(* Let $n\ge2$ and let $\widetilde X$ be an $n\times n$ real random matrix whose rows are independent and identically distributed random vectors in $\mathbb{R}^n$ (with arbitrary common distribution). Then for every choice of norm $\|\cdot\|$ on $\mathbb{R}^{n\times n}$, $$\mathbb{E}\big[\kappa(\widetilde X)\big]=+\infty.$$
   Context: For a norm $\|\cdot\|$ on $\mathbb{R}^{n\times n}$, the condition number of $A\in\mathbb{R}^{n\times n}$ is $\kappa(A)=\|A\|\,\|A^{-1}\|$ if $A$ is invertible and $\kappa(A)=+\infty$ otherwise. *)

theory Defs
  imports "HOL-Probability.Probability"
begin

definition is_matrix_norm :: "(real^'n^'n \<Rightarrow> real) \<Rightarrow> bool" where
  "is_matrix_norm N \<longleftrightarrow>
     (\<forall>A. 0 \<le> N A) \<and> (\<forall>A. N A = 0 \<longleftrightarrow> A = 0) \<and>
     (\<forall>c A. N (c *\<^sub>R A) = \<bar>c\<bar> * N A) \<and>
     (\<forall>A B. N (A + B) \<le> N A + N B)"

definition cond_num :: "(real^'n^'n \<Rightarrow> real) \<Rightarrow> real^'n^'n \<Rightarrow> ennreal" where
  "cond_num N A = (if invertible A then ennreal (N A * N (matrix_inv A)) else \<top>)"

end

theory Submission
  imports Defs "HOL-Complex_Analysis.Cauchy_Integral_Theorem"
begin

(* Fix two rows i, j and condition on the other n - 2 rows. Pick an orthonormal pair a, b
   orthogonal to those rows and read the projections of rows i and j onto the plane of a, b as
   complex numbers z_i, z_j. The matrix maps this plane into span {e_i, e_j} with determinant
   D = Im (cnj z_i * z_j), and |D| <= |z_i| |z_j| |Arg z_i - Arg z_j|. For the Euclidean norm
   |A| >= |z_i| and |A^-1| >= |z_j| / (n^2 |D|); as all norms are equivalent, the condition
   number is at least a constant times 1 / |Arg z_i - Arg z_j|. Two independent copies of an
   angle lie in a common one of K + 1 intervals of length 2 pi / K with probability at least
   1 / (K + 1) by Cauchy-Schwarz, so the expectation dominates a harmonic series. *)

section \<open>Matrix norms and measurability of the condition number\<close>

lemma convex_on_matrix_norm:
  fixes N :: "real^'n^'n \<Rightarrow> real"
  assumes "is_matrix_norm N"
  shows "convex_on UNIV N"
proof (rule convex_onI)
  fix t :: real and A B assume "0 < t" "t < 1"
  have tri: "N (X + Y) \<le> N X + N Y" and hom: "N (c *\<^sub>R X) = \<bar>c\<bar> * N X" for X Y c
    using assms unfolding is_matrix_norm_def by blast+
  have "N ((1 - t) *\<^sub>R A + t *\<^sub>R B) \<le> N ((1 - t) *\<^sub>R A) + N (t *\<^sub>R B)"
    by (rule tri)
  also have "\<dots> = (1 - t) * N A + t * N B"
    using \<open>0 < t\<close> \<open>t < 1\<close> by (simp add: hom)
  finally show "N ((1 - t) *\<^sub>R A + t *\<^sub>R B) \<le> (1 - t) * N A + t * N B" .
qed simp

lemma continuous_on_matrix_norm:
  fixes N :: "real^'n^'n \<Rightarrow> real"
  shows "is_matrix_norm N \<Longrightarrow> continuous_on UNIV N"
  by (intro convex_on_continuous convex_on_matrix_norm) simp_all

lemma matrix_norm_bounded_below:
  fixes N :: "real^'n^'n \<Rightarrow> real"
  assumes N: "is_matrix_norm N"
  obtains c where "c > 0" "\<And>A. c * norm A \<le> N A"
proof -
  obtain A0 :: "real^'n^'n" where A0: "A0 \<in> sphere 0 1" "\<And>A. A \<in> sphere 0 1 \<Longrightarrow> N A0 \<le> N A"
    using continuous_attains_inf[of "sphere 0 1" N] continuous_on_subset[OF continuous_on_matrix_norm[OF N]]
    by auto
  have "A0 \<noteq> 0"
    using A0(1) by auto
  then have "N A0 > 0"
    using N unfolding is_matrix_norm_def by (simp add: order_less_le)
  moreover have "N A0 * norm A \<le> N A" for A
  proof (cases "A = 0")
    case False
    then have "N A0 \<le> N ((1 / norm A) *\<^sub>R A)"
      by (intro A0(2)) simp
    also have "\<dots> = N A / norm A"
      using N unfolding is_matrix_norm_def by simp
    finally show ?thesis
      using False by (simp add: field_simps)
  qed (use N in \<open>simp add: is_matrix_norm_def\<close>)
  ultimately show ?thesis
    using that by blast
qed

lemma
  fixes A :: "'a::semiring_1^'n^'n"
  assumes "invertible A"
  shows matrix_inv_right: "A ** matrix_inv A = mat 1"
    and matrix_inv_left: "matrix_inv A ** A = mat 1"
proof -
  have "A ** matrix_inv A = mat 1 \<and> matrix_inv A ** A = mat 1"
    using assms unfolding invertible_def matrix_inv_def by (rule someI_ex)
  then show "A ** matrix_inv A = mat 1" "matrix_inv A ** A = mat 1"
    by auto
qed

lemma matrix_inv_mult_vector_eq:
  fixes A :: "'a::comm_semiring_1^'n^'n"
  assumes "invertible A" "A *v x = y"
  shows "x = matrix_inv A *v y"
  using assms by (metis matrix_inv_left matrix_vector_mul_assoc matrix_vector_mul_lid)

----

PROBLEM STATEMENT
Return the full data above, line for line.

SOLUTION TO THIS EXERCISE
(* Let $n\ge2$ and let $\widetilde X$ be an $n\times n$ real random matrix whose rows are independent and identically distributed random vectors in $\mathbb{R}^n$ (with arbitrary common distribution). Then for every choice of norm $\|\cdot\|$ on $\mathbb{R}^{n\times n}$, $$\mathbb{E}\big[\kappa(\widetilde X)\big]=+\infty.$$
   Context: For a norm $\|\cdot\|$ on $\mathbb{R}^{n\times n}$, the condition number of $A\in\mathbb{R}^{n\times n}$ is $\kappa(A)=\|A\|\,\|A^{-1}\|$ if $A$ is invertible and $\kappa(A)=+\infty$ otherwise. *)

theory Defs
  imports "HOL-Probability.Probability"
begin

definition is_matrix_norm :: "(real^'n^'n \<Rightarrow> real) \<Rightarrow> bool" where
  "is_matrix_norm N \<longleftrightarrow>
     (\<forall>A. 0 \<le> N A) \<and> (\<forall>A. N A = 0 \<longleftrightarrow> A = 0) \<and>
     (\<forall>c A. N (c *\<^sub>R A) = \<bar>c\<bar> * N A) \<and>
     (\<forall>A B. N (A + B) \<le> N A + N B)"

definition cond_num :: "(real^'n^'n \<Rightarrow> real) \<Rightarrow> real^'n^'n \<Rightarrow> ennreal" where
  "cond_num N A = (if invertible A then ennreal (N A * N (matrix_inv A)) else \<top>)"

end

theory Submission
  imports Defs "HOL-Complex_Analysis.Cauchy_Integral_Theorem"
begin

(* Fix two rows i, j and condition on the other n - 2 rows. Pick an orthonormal pair a, b
   orthogonal to those rows and read the projections of rows i and j onto the plane of a, b as
   complex numbers z_i, z_j. The matrix maps this plane into span {e_i, e_j} with determinant
   D = Im (cnj z_i * z_j), and |D| <= |z_i| |z_j| |Arg z_i - Arg z_j|. For the Euclidean norm
   |A| >= |z_i| and |A^-1| >= |z_j| / (n^2 |D|); as all norms are equivalent, the condition
   number is at least a constant times 1 / |Arg z_i - Arg z_j|. Two independent copies of an
   angle lie in a common one of K + 1 intervals of length 2 pi / K with probability at least
   1 / (K + 1) by Cauchy-Schwarz, so the expectation dominates a harmonic series. *)

section \<open>Matrix norms and measurability of the condition number\<close>

lemma convex_on_matrix_norm:
  fixes N :: "real^'n^'n \<Rightarrow> real"
  assumes "is_matrix_norm N"
  shows "convex_on UNIV N"
proof (rule convex_onI)
  fix t :: real and A B assume "0 < t" "t < 1"
  have tri: "N (X + Y) \<le> N X + N Y" and hom: "N (c *\<^sub>R X) = \<bar>c\<bar> * N X" for X Y c
    using assms unfolding is_matrix_norm_def by blast+
  have "N ((1 - t) *\<^sub>R A + t *\<^sub>R B) \<le> N ((1 - t) *\<^sub>R A) + N (t *\<^sub>R B)"
    by (rule tri)
  also have "\<dots> = (1 - t) * N A + t * N B"
    using \<open>0 < t\<close> \<open>t < 1\<close> by (simp add: hom)
  finally show "N ((1 - t) *\<^sub>R A + t *\<^sub>R B) \<le> (1 - t) * N A + t * N B" .
qed simp

lemma continuous_on_matrix_norm:
  fixes N :: "real^'n^'n \<Rightarrow> real"
  shows "is_matrix_norm N \<Longrightarrow> continuous_on UNIV N"
  by (intro convex_on_continuous convex_on_matrix_norm) simp_all

lemma matrix_norm_bounded_below:
  fixes N :: "real^'n^'n \<Rightarrow> real"
  assumes N: "is_matrix_norm N"
  obtains c where "c > 0" "\<And>A. c * norm A \<le> N A"
proof -
  obtain A0 :: "real^'n^'n" where A0: "A0 \<in> sphere 0 1" "\<And>A. A \<in> sphere 0 1 \<Longrightarrow> N A0 \<le> N A"
    using continuous_attains_inf[of "sphere 0 1" N] continuous_on_subset[OF continuous_on_matrix_norm[OF N]]
    by auto
  have "A0 \<noteq> 0"
    using A0(1) by auto
  then have "N A0 > 0"
    using N unfolding is_matrix_norm_def by (simp add: order_less_le)
  moreover have "N A0 * norm A \<le> N A" for A
  proof (cases "A = 0")
    case False
    then have "N A0 \<le> N ((1 / norm A) *\<^sub>R A)"
      by (intro A0(2)) simp
    also have "\<dots> = N A / norm A"
      using N unfolding is_matrix_norm_def by simp
    finally show ?thesis
      using False by (simp add: field_simps)
  qed (use N in \<open>simp add: is_matrix_norm_def\<close>)
  ultimately show ?thesis
    using that by blast
qed

lemma
  fixes A :: "'a::semiring_1^'n^'n"
  assumes "invertible A"
  shows matrix_inv_right: "A ** matrix_inv A = mat 1"
    and matrix_inv_left: "matrix_inv A ** A = mat 1"
proof -
  have "A ** matrix_inv A = mat 1 \<and> matrix_inv A ** A = mat 1"
    using assms unfolding invertible_def matrix_inv_def by (rule someI_ex)
  then show "A ** matrix_inv A = mat 1" "matrix_inv A ** A = mat 1"
    by auto
qed

lemma matrix_inv_mult_vector_eq:
  fixes A :: "'a::comm_semiring_1^'n^'n"
  assumes "invertible A" "A *v x = y"
  shows "x = matrix_inv A *v y"
  using assms by (metis matrix_inv_left matrix_vector_mul_assoc matrix_vector_mul_lid)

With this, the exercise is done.